The two waivers would offer flexible mortgages, helping senior citizens with HECMs who still face significant financial challenges due to the COVID-19 pandemic.
Pros And Cons
There are various advantages and disadvantages of a home equity conversion mortgage. Let us look at them.
Pros
- As noted above, this loan does not have end-use restrictions. Therefore, individuals can use the amount to fulfill different purposes, for example, debt consolidation and meeting medical expenses.
- Individuals’ credit score is not one of the factors determining HECM eligibility.
- Borrowers do not need to make monthly mortgage payments. However, they must keep paying their homeowners insurance and property taxes.
- Since FHA insures this reverse mortgage product, borrowers are safeguarded from falling home values.
- Individuals availing of this loan continue to remain their property’s owner.
Cons
- Typically, HECMs come with higher fees than conventional mortgages.
- The senior citizen’s heirs lose the property if the loan amount is not repaid.
- Most of these loans come with a variable interest rate. As a result, the cost of borrowing can increase.
- The interest fee rises as an individual borrows more.
- Until the borrowers pay off the interest, they cannot claim a tax deduction against it.

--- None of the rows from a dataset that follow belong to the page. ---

(* Let $\mathcal{C}$ be a finite or countable alphabet with letter probabilities $(p_\alpha)_{\alpha\in\mathcal{C}}$, $0<p_\alpha<1$, $\sum_\alpha p_\alpha=1$, and let $\mathbb{P}$ be the product measure with these identically distributed marginals. Let $n$ be a positive integer and $k$ a positive integer with $k\le\lfloor n/2\rfloor-1$. Then $\mathbb{P}\Big(\bigcup_{j=k}^{\lfloor n/2\rfloor-1}R_n(j)\Big)=\mathbb{P}\Big(\bigcup_{j=k}^{\lfloor n/2\rfloor-1}R_{2(\lfloor n/2\rfloor-1)}(j)\Big)$.
   Context: $\mathbb{P}(x_1^m)=\prod_{i=1}^m p_{x_i}$ on $\mathcal{C}^m$; $x_a^b=(x_a,\dots,x_b)$. For $1\le j\le m-1$, $R_m(j)=\{x_1^m\in\mathcal{C}^m: x_1^j=x_{m-j+1}^m\}$. *)

theory Defs
  imports "HOL-Analysis.Analysis"
begin

text \<open>Words of length m over the alphabet (the type 'a) are lists of length m;
  position i (1-based in the paper) is xs ! (i-1).\<close>

definition words :: "nat \<Rightarrow> 'a list set" where
  "words m = {xs. length xs = m}"

definition wprob :: "('a \<Rightarrow> real) \<Rightarrow> nat \<Rightarrow> 'a list set \<Rightarrow> real" where
  "wprob p m A = (\<Sum>\<^sub>\<infinity> xs \<in> A \<inter> words m. \<Prod>i<m. p (xs ! i))"

definition R :: "nat \<Rightarrow> nat \<Rightarrow> 'a list set" where
  "R m j = {xs \<in> words m. take j xs = drop (m - j) xs}"

end

theory Submission
  imports Defs
begin

text \<open>A union of events \<open>R m j\<close> with \<open>j \<le> h\<close> only constrains the first and the last \<open>h\<close>
  letters of a word. The \<open>m - 2 h\<close> letters in between are unconstrained and independent,
  and each of them contributes total mass \<open>\<Sum>\<^sub>a p a = 1\<close>; removing them one at a time
  therefore leaves the probability unchanged, down to words of length \<open>2 h\<close>.\<close>

definition insert_nth :: "nat \<Rightarrow> 'a \<Rightarrow> 'a list \<Rightarrow> 'a list" where
  "insert_nth h a xs = take h xs @ a # drop h xs"

lemma prod_list_map_insert_nth:
  fixes p :: "'a \<Rightarrow> 'b::comm_monoid_mult"
  shows "prod_list (map p (insert_nth h a xs)) = p a * prod_list (map p xs)"
proof -
  have "prod_list (map p (insert_nth h a xs))
      = p a * (prod_list (map p (take h xs)) * prod_list (map p (drop h xs)))"
    by (simp add: insert_nth_def ac_simps)
  also have "\<dots> = p a * prod_list (map p xs)"
    by (simp flip: prod_list.append map_append)
  finally show ?thesis .
qed

lemma has_sum_product_nonneg:
  fixes f :: "'a \<Rightarrow> real" and g :: "'b \<Rightarrow> real"
  assumes "\<And>x. x \<in> A \<Longrightarrow> 0 \<le> f x" and "\<And>y. y \<in> B \<Longrightarrow> 0 \<le> g y"
    and f: "(f has_sum a) A" and g: "(g has_sum b) B"
  shows "((\<lambda>(x, y). f x * g y) has_sum a * b) (A \<times> B)"
proof -
  have rows: "((\<lambda>y. f x * g y) has_sum f x * b) B" for x
    using has_sum_cmult_right[OF g] .
  have cols: "((\<lambda>x. f x * b) has_sum a * b) A"
    using has_sum_cmult_left[OF f] .
  have "(\<lambda>(x, y). f x * g y) summable_on A \<times> B"
    using rows cols assms(1,2)
    by (intro summable_on_SigmaI[where g = "\<lambda>x. f x * b"]) (auto simp: summable_on_def)
  with rows cols show ?thesis
    by (intro has_sum_SigmaI[where g = "\<lambda>x. f x * b"]) auto
qed

lemma has_sum_prod_list_insert_nth:
  fixes p :: "'a \<Rightarrow> real"
  assumes p_nonneg: "\<And>a. 0 \<le> p a" and p_sum: "(p has_sum 1) UNIV"
    and S_sum: "((\<lambda>xs. prod_list (map p xs)) has_sum c) S"
    and S_long: "\<And>xs. xs \<in> S \<Longrightarrow> h \<le> length xs"
  shows "((\<lambda>xs. prod_list (map p xs)) has_sum c) ((\<lambda>(xs, a). insert_nth h a xs) ` (S \<times> UNIV))"
proof -
  let ?ins = "\<lambda>(xs, a). insert_nth h a xs"
  have "inj_on ?ins (S \<times> UNIV)"
    by (rule inj_on_inverseI[where g = "\<lambda>ys. (take h ys @ drop (Suc h) ys, ys ! h)"])
       (auto simp: insert_nth_def nth_append min_def S_long)
  moreover have "((\<lambda>(xs, a). prod_list (map p xs) * p a) has_sum c * 1) (S \<times> UNIV)"
    using p_nonneg by (intro has_sum_product_nonneg S_sum p_sum prod_list_nonneg) auto
  moreover have "(\<lambda>xs. prod_list (map p xs)) \<circ> ?ins = (\<lambda>(xs, a). prod_list (map p xs) * p a)"
    by (auto simp: prod_list_map_insert_nth mult.commute)
  ultimately show ?thesis
    by (simp add: has_sum_reindex)
qed

definition prefix_suffix_event ::
    "nat \<Rightarrow> ('a list \<Rightarrow> 'a list \<Rightarrow> bool) \<Rightarrow> nat \<Rightarrow> 'a list set" where
  "prefix_suffix_event h Q r = {xs. length xs = 2 * h + r \<and> Q (take h xs) (drop (h + r) xs)}"

lemma prefix_suffix_event_Suc:
  "prefix_suffix_event h Q (Suc r)
     = (\<lambda>(xs, a). insert_nth h a xs) ` (prefix_suffix_event h Q r \<times> UNIV)"
proof
  show "(\<lambda>(xs, a). insert_nth h a xs) ` (prefix_suffix_event h Q r \<times> UNIV)
      \<subseteq> prefix_suffix_event h Q (Suc r)"
  proof
    fix ys assume "ys \<in> (\<lambda>(xs, a). insert_nth h a xs) ` (prefix_suffix_event h Q r \<times> UNIV)"
    then obtain xs a where xs: "xs \<in> prefix_suffix_event h Q r" and ys: "ys = insert_nth h a xs"
      by auto
    then have len: "length xs = 2 * h + r"
      by (simp add: prefix_suffix_event_def)
    have "length ys = 2 * h + Suc r" and "take h ys = take h xs"
      using len by (simp_all add: ys insert_nth_def)
    moreover have "drop (h + Suc r) ys = drop (h + r) xs"
      using len by (simp add: ys insert_nth_def add.commute)
    ultimately show "ys \<in> prefix_suffix_event h Q (Suc r)"
      using xs by (simp add: prefix_suffix_event_def)
  qed
  show "prefix_suffix_event h Q (Suc r)
      \<subseteq> (\<lambda>(xs, a). insert_nth h a xs) ` (prefix_suffix_event h Q r \<times> UNIV)"
  proof
    fix ys assume ys: "ys \<in> prefix_suffix_event h Q (Suc r)"
    define xs where "xs = take h ys @ drop (Suc h) ys"
    have "xs \<in> prefix_suffix_event h Q r"
      using ys by (auto simp: prefix_suffix_event_def xs_def add.commute)
    moreover have "ys = insert_nth h (ys ! h) xs"
      using ys by (simp add: prefix_suffix_event_def xs_def insert_nth_def id_take_nth_drop)
    ultimately show "ys \<in> (\<lambda>(xs, a). insert_nth h a xs) ` (prefix_suffix_event h Q r \<times> UNIV)"
      by (auto intro: rev_image_eqI[of "(xs, ys ! h)"])
  qed
qed

lemma has_sum_prefix_suffix_event:
  fixes p :: "'a \<Rightarrow> real"
  assumes "\<And>a. 0 \<le> p a" and "(p has_sum 1) UNIV"
    and "((\<lambda>xs. prod_list (map p xs)) has_sum c) (prefix_suffix_event h Q 0)"
  shows "((\<lambda>xs. prod_list (map p xs)) has_sum c) (prefix_suffix_event h Q r)"
proof (induction r)
  case (Suc r)
  then show ?case
    unfolding prefix_suffix_event_Suc
    by (intro has_sum_prod_list_insert_nth assms) (auto simp: prefix_suffix_event_def)
qed (use assms in simp)

lemma has_sum_prod_list_words:
  fixes p :: "'a \<Rightarrow> real"
  assumes "\<And>a. 0 \<le> p a" and "(p has_sum 1) UNIV"
  shows "((\<lambda>xs. prod_list (map p xs)) has_sum 1) (words m)"
proof -
  have "prefix_suffix_event 0 (\<lambda>_ _. True) 0 = {[] :: 'a list}"
    by (auto simp: prefix_suffix_event_def)
  moreover have "((\<lambda>xs. prod_list (map p xs)) has_sum 1) {[]}"
    using has_sum_finite[of "{[]}" "\<lambda>xs. prod_list (map p xs)"] by simp
  ultimately have "((\<lambda>xs. prod_list (map p xs)) has_sum 1) (prefix_suffix_event 0 (\<lambda>_ _. True) 0)"
    by (simp only:)
  then have "((\<lambda>xs. prod_list (map p xs)) has_sum 1) (prefix_suffix_event 0 (\<lambda>_ _. True) m)"
    by (rule has_sum_prefix_suffix_event[OF assms])
  moreover have "prefix_suffix_event 0 (\<lambda>_ _. True) m = (words m :: 'a list set)"
    by (simp add: words_def prefix_suffix_event_def)
  ultimately show ?thesis
    by simp
qed

lemma wprob_eq_infsum_prod_list:
  "wprob p m A = (\<Sum>\<^sub>\<infinity>xs \<in> A \<inter> words m. prod_list (map p xs))"
  unfolding wprob_def
  by (rule infsum_cong) (auto simp: words_def prod.list_conv_set_nth atLeast0LessThan)

lemma Union_R_inter_words:
  assumes "J \<subseteq> {..h}" and "2 * h \<le> m"
  shows "(\<Union>j\<in>J. R m j) \<inter> words m
       = prefix_suffix_event h (\<lambda>u v. \<exists>j\<in>J. take j u = drop (h - j) v) (m - 2 * h)"
proof -
  have "take j xs = drop (m - j) xs \<longleftrightarrow> take j (take h xs) = drop (h - j) (drop (h + (m - 2 * h)) xs)"
    if "length xs = m" and "j \<in> J" for xs :: "'a list" and j
  proof -
    have "j \<le> h" using that assms(1) by auto
    then show ?thesis
      using that assms(2) by (simp add: min_def add.commute)
  qed
  then show ?thesis
    using assms(2) by (auto simp: R_def words_def prefix_suffix_event_def)
qed

theorem lemma3:
  fixes p :: "'a::countable \<Rightarrow> real" and n k :: nat
  assumes "\<And>a. 0 < p a \<and> p a < 1"
    and "(p has_sum 1) UNIV"
    and "0 < n" and "0 < k" and "k \<le> n div 2 - 1"
  shows "wprob p n (\<Union>j\<in>{k..n div 2 - 1}. R n j)
       = wprob p (2 * (n div 2 - 1)) (\<Union>j\<in>{k..n div 2 - 1}. R (2 * (n div 2 - 1)) j)"
proof -
  define h where "h = n div 2 - 1"
  define Q where "Q = (\<lambda>u v :: 'a list. \<exists>j\<in>{k..h}. take j u = drop (h - j) v)"
  let ?w = "\<lambda>xs. prod_list (map p xs)"
  have p_nonneg: "\<And>a. 0 \<le> p a"
    using assms(1) less_imp_le by blast
  have "2 * h \<le> n"
    unfolding h_def by linarith
  then have long: "(\<Union>j\<in>{k..h}. R n j) \<inter> words n = prefix_suffix_event h Q (n - 2 * h)"
    unfolding Q_def by (intro Union_R_inter_words) auto
  have short: "(\<Union>j\<in>{k..h}. R (2 * h) j) \<inter> words (2 * h) = prefix_suffix_event h Q 0"
    unfolding Q_def using Union_R_inter_words[of "{k..h}" h "2 * h"] by auto
  have "?w summable_on prefix_suffix_event h Q 0"
    using has_sum_prod_list_words[OF p_nonneg assms(2)]
    by (rule summable_on_subset[OF has_sum_imp_summable])
       (auto simp: prefix_suffix_event_def words_def)
  then have "(?w has_sum infsum ?w (prefix_suffix_event h Q 0)) (prefix_suffix_event h Q (n - 2 * h))"
    by (rule has_sum_prefix_suffix_event[OF p_nonneg assms(2) has_sum_infsum])
  then show ?thesis
    unfolding h_def[symmetric] wprob_eq_infsum_prod_list long short by (rule infsumI)
qed

end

- The upfront charges can be high.
Home Equity Conversion Mortgage vs Reverse Mortgage
The concepts of HECM and a reverse mortgage can be confusing for individuals new to the world of finance. That said, one must know their distinct features to avoid confusion and fully understand their meaning. So, let us look at the critical differences between them.

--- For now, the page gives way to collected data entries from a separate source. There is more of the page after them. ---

lemma jack_lemma:
  fixes W v :: "complex \<Rightarrow> complex"
  assumes "0 < r" "cmod z0 = r" and v: "v holomorphic_on ball 0 r"
    and Wv: "\<And>z. z \<in> ball 0 r \<Longrightarrow> W z = z ^ n * v z \<and> cmod (W z) \<le> 1"
    and der: "(W has_field_derivative W') (at z0)" and W0: "cmod (W z0) = 1"
    and tan: "\<forall>\<^sub>F s in at 0. cmod (W (z0 * cis s)) \<le> 1"
  shows "Im (z0 * W' / W z0) = 0 \<and> real n \<le> Re (z0 * W' / W z0)"
proof
  show "Im (z0 * W' / W z0) = 0"
    by (rule jack_tangential[OF der W0 tan])
  have "cmod (W (of_real t * z0)) \<le> t ^ n" if "0 < t" "t < 1" for t
  proof -
    have z: "of_real t * z0 \<in> ball 0 r" "cmod (of_real t * z0) = t * r"
      using that assms(1,2) by (auto simp: norm_mult)
    have "cmod (v (of_real t * z0)) \<le> 1 / r ^ n"
      using schwarz_power_bound[OF \<open>0 < r\<close> v _ z(1)] Wv by metis
    have "cmod (W (of_real t * z0)) = (t * r) ^ n * cmod (v (of_real t * z0))"
      using Wv[OF z(1)] z(2) by (simp add: norm_mult norm_power)
    also have "\<dots> \<le> (t * r) ^ n * (1 / r ^ n)"
      using \<open>cmod (v _) \<le> _\<close> that \<open>0 < r\<close> by (intro mult_left_mono) auto
    also have "\<dots> = t ^ n"
      using \<open>0 < r\<close> by (simp add: power_mult_distrib)
    finally show ?thesis .
  qed
  then have "\<forall>\<^sub>F t in at_left 1. cmod (W (of_real t * z0)) \<le> t ^ n"
    using eventually_at_left_real[of 0 1] by (auto elim!: eventually_mono)
  then show "real n \<le> Re (z0 * W' / W z0)"
    by (rule jack_radial[OF der W0])
qed

section \<open>The first exit from a sector\<close>

lemma first_exit_point:
  fixes F :: "'a::{real_normed_vector,heine_borel} \<Rightarrow> 'b::topological_space"
  assumes F: "continuous_on (ball 0 R) F" and "open S" and z1: "z1 \<in> ball 0 R" "F z1 \<notin> S"
  obtains z0 where "z0 \<in> ball 0 R" "F z0 \<notin> S" "\<And>z. norm z < norm z0 \<Longrightarrow> F z \<in> S"
proof -
  define K where "K = cball 0 (norm z1) \<inter> F -` (- S)"
  have sub: "cball 0 (norm z1) \<subseteq> ball 0 R"
    using z1 by auto
  have "closed K"
    unfolding K_def using continuous_on_subset[OF F sub] \<open>open S\<close>
    by (intro continuous_closed_preimage) auto
  then have "compact K"
    by (simp add: K_def compact_eq_bounded_closed bounded_Int)
  moreover have "z1 \<in> K"
    using z1 by (simp add: K_def)
  ultimately obtain z0 where z0: "z0 \<in> K" and min: "\<And>z. z \<in> K \<Longrightarrow> norm z0 \<le> norm z"
    using continuous_attains_inf[of K norm] continuous_on_norm_id by blast
  show ?thesis
  proof (rule that)
    show "z0 \<in> ball 0 R" "F z0 \<notin> S"
      using z0 z1 by (auto simp: K_def)
    show "F z \<in> S" if "norm z < norm z0" for z
      using min[of z] that z0 by (force simp: K_def)
  qed
qed

lemma radial_limit_in_closed:
  fixes F :: "complex \<Rightarrow> 'b::topological_space"
  assumes "continuous_on D F" "open D" "z \<in> D" "0 < cmod z" "closed T"
    and "\<And>w. w \<in> D \<Longrightarrow> cmod w < cmod z \<Longrightarrow> F w \<in> T"
  shows "F z \<in> T"
proof -
  have "((\<lambda>t. of_real t * z) \<longlongrightarrow> of_real 1 * z) (at_left (1::real))"
    by (intro tendsto_intros)
  then have lim1: "((\<lambda>t. of_real t * z) \<longlongrightarrow> z) (at_left 1)"
    by simp
  have "isCont F z"
    using assms(1-3) continuous_on_eq_continuous_at by blast
  then have lim2: "((\<lambda>t. F (of_real t * z)) \<longlongrightarrow> F z) (at_left 1)"
    using isCont_tendsto_compose lim1 by blast
  have "\<forall>\<^sub>F t in at_left 1. of_real t * z \<in> D \<and> 0 < t \<and> t < 1"
    using topological_tendstoD[OF lim1 assms(2,3)] eventually_at_left_real[of 0 1]
    by (auto elim: eventually_elim2)
  then have "\<forall>\<^sub>F t in at_left 1. F (of_real t * z) \<in> T"
    by (rule eventually_mono) (use assms(4,6) in \<open>auto simp: norm_mult\<close>)
  then show ?thesis
    using Lim_in_closed_set[OF assms(5) _ trivial_limit_at_left_real lim2] by blast
qed

lemma norm_one_minus_cis_less_one:
  assumes "0 < t" "t < 2 * cos \<theta>"
  shows "cmod (1 - of_real t * cis \<theta>) < 1"
proof -
  have "(cmod (1 - of_real t * cis \<theta>))\<^sup>2 = (1 - t * cos \<theta>)\<^sup>2 + (t * sin \<theta>)\<^sup>2"
    by (simp add: cmod_power2)
  also have "\<dots> = (1 - t * cos \<theta>)\<^sup>2 + (t\<^sup>2 - (t * cos \<theta>)\<^sup>2)"
    by (simp add: sin_squared_eq algebra_simps)
  also have "\<dots> = 1 - t * (2 * cos \<theta> - t)"
    by (simp add: power2_eq_square algebra_simps)
  also have "\<dots> < 1"
    using assms by simp
  finally show ?thesis
    by (simp add: power_less_one_iff abs_square_less_1)
qed

lemma leading_term_in_closed_sector:
  fixes g :: "complex \<Rightarrow> complex"
  assumes "isCont g z0"
    and ev: "\<forall>\<^sub>F t in at_right 0. cmod ((of_real t * u) ^ m * g (z0 + of_real t * u)) * cos c
                                      \<le> Re ((of_real t * u) ^ m * g (z0 + of_real t * u))"
  shows "cmod (u ^ m * g z0) * cos c \<le> Re (u ^ m * g z0)"
proof -
  let ?T = "{v. cmod v * cos c \<le> Re v}"
  have "((\<lambda>t. z0 + of_real t * u) \<longlongrightarrow> z0 + of_real 0 * u) (at_right 0)"
    by (intro tendsto_intros)
  then have "((\<lambda>t. g (z0 + of_real t * u)) \<longlongrightarrow> g z0) (at_right 0)"
    using isCont_tendsto_compose[OF assms(1)] by simp
  then have lim: "((\<lambda>t. u ^ m * g (z0 + of_real t * u)) \<longlongrightarrow> u ^ m * g z0) (at_right 0)"
    by (rule tendsto_mult_left)
  have "\<forall>\<^sub>F t in at_right 0. u ^ m * g (z0 + of_real t * u) \<in> ?T"
    using ev eventually_at_right_real[OF zero_less_one]
  proof eventually_elim
    case (elim t)
    then have "(of_real t * u) ^ m * g (z0 + of_real t * u) / of_real (t ^ m) \<in> ?T"
      using closed_sector_scale[OF elim(1), of "t ^ m"] elim(2) by simp
    then show ?case
      using elim by (simp add: power_mult_distrib)
  qed
  from Lim_in_closed_set[OF closed_sector_le this trivial_limit_at_right_real lim]
  have "u ^ m * g z0 \<in> ?T" .
  then show ?thesis
    by simp
qed

lemma rotations_not_in_closed_sector:
  assumes "v \<noteq> 0" "c < \<sigma>" "0 \<le> c" "\<sigma> \<le> pi / 2"
  shows "\<not> (cmod v * cos c \<le> Re (v * cis \<sigma>) \<and> cmod v * cos c \<le> Re (v * cis (-\<sigma>)))"
proof
  assume "cmod v * cos c \<le> Re (v * cis \<sigma>) \<and> cmod v * cos c \<le> Re (v * cis (-\<sigma>))"
  then have "2 * (cmod v * cos c) \<le> 2 * (Re v * cos \<sigma>)"
    by (simp add: cis.code)
  also have "\<dots> \<le> 2 * (cmod v * cos \<sigma>)"
    using complex_Re_le_cmod[of v] cos_ge_zero[of \<sigma>] assms by (simp add: mult_right_mono)
  finally have "cos c \<le> cos \<sigma>"
    using assms(1) by simp
  moreover have "cos \<sigma> < cos c"
    using assms by (intro cos_monotone_0_pi) auto
  ultimately show False
    by simp
qed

Home Equity Conversion Mortgage | Reverse Mortgage |
---|---|
This is a specific type of reverse mortgage, which is insured by the government. | The government does not insure reverse mortgages other than HECM. |
Since it is government-backed, the interest rates are usually lower than private reverse mortgages. | The interest rates are usually higher. |
It does not have end-use restrictions. | Reverse mortgages other than HECM may come with end-sue restrictions. |
Frequently Asked Questions (FAQs)
A HECM is a suitable form of financial assistance for retired individuals who do not have substantial investments or savings but have significant equity in their homes. It allows individuals to turn an illiquid asset into cash to meet different expenses during retirement. Hence, retirees who wish to supplement their earnings may consider applying for a HECM.

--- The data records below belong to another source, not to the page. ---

lemma chase_seq_extends_allowed:
  assumes chase: "chase_seq U \<Delta> \<Sigma> N C" and \<tau>: "\<tau> \<in> \<Sigma>"
    and trig: "trigger \<tau> (\<Union>k. C k) h" and avoid: "\<forall>x\<in>exported_vars \<tau>. h x \<notin> \<Delta>"
  shows "extends_to_head \<tau> (\<Union>k. C k) h"
proof -
  obtain k where k: "trigger \<tau> (C k) h" using trig unfolding trigger_def atom_maps_def by blast
  have "\<exists>m. extends_to_head \<tau> (C m) h"
  proof (cases "active_trigger \<tau> (C k) h")
    case True
    then have "allowed_trigger \<Delta> \<tau> (C k) h" using avoid unfolding allowed_trigger_def by blast
    then obtain m where "m \<ge> k" "\<not> active_trigger \<tau> (C m) h"
      using chase \<tau> unfolding chase_seq_def by blast
    moreover have "trigger \<tau> (C m) h"
      using k monoD[OF chase_seq_mono[OF chase] \<open>m \<ge> k\<close>] by (rule trigger_mono)
    ultimately show ?thesis unfolding active_trigger_iff by blast
  next
    case False then show ?thesis using k unfolding active_trigger_iff by blast
  qed
  then show ?thesis by (blast intro: extends_to_head_mono)
qed

lemma isolated_fact_agree_eq:
  assumes iso: "isolated_fact (adom I) W R t" and t': "(R, t') \<in> I \<union> W"
    and d: "d < length t" "d < length t'" "t' ! d = t ! d"
  shows "t' = t"
proof (cases "(R, t') \<in> I")
  case True
  then have "t ! d \<in> adom I" using mem_adom[OF True nth_mem[OF d(2)]] d(3) by simp
  moreover have "t ! d \<in> set t" using d(1) by simp
  ultimately show ?thesis using iso unfolding isolated_fact_def by blast
next
  case False
  then show ?thesis using iso t' d unfolding isolated_fact_def by blast
qed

In the case of this FHA-insured reverse mortgage product, the maximum reverse mortgage limit that individuals are eligible to borrow against is $1,089,300. This amount is the ceiling, even if the home’s appraised value is higher.
According to the rule, if the outstanding loan balance exceeds the property’s worth, the heirs or estate may sell the home for a minimum of 95% of the property’s current appraised value. The loan provider considers the net proceeds as the full repayment.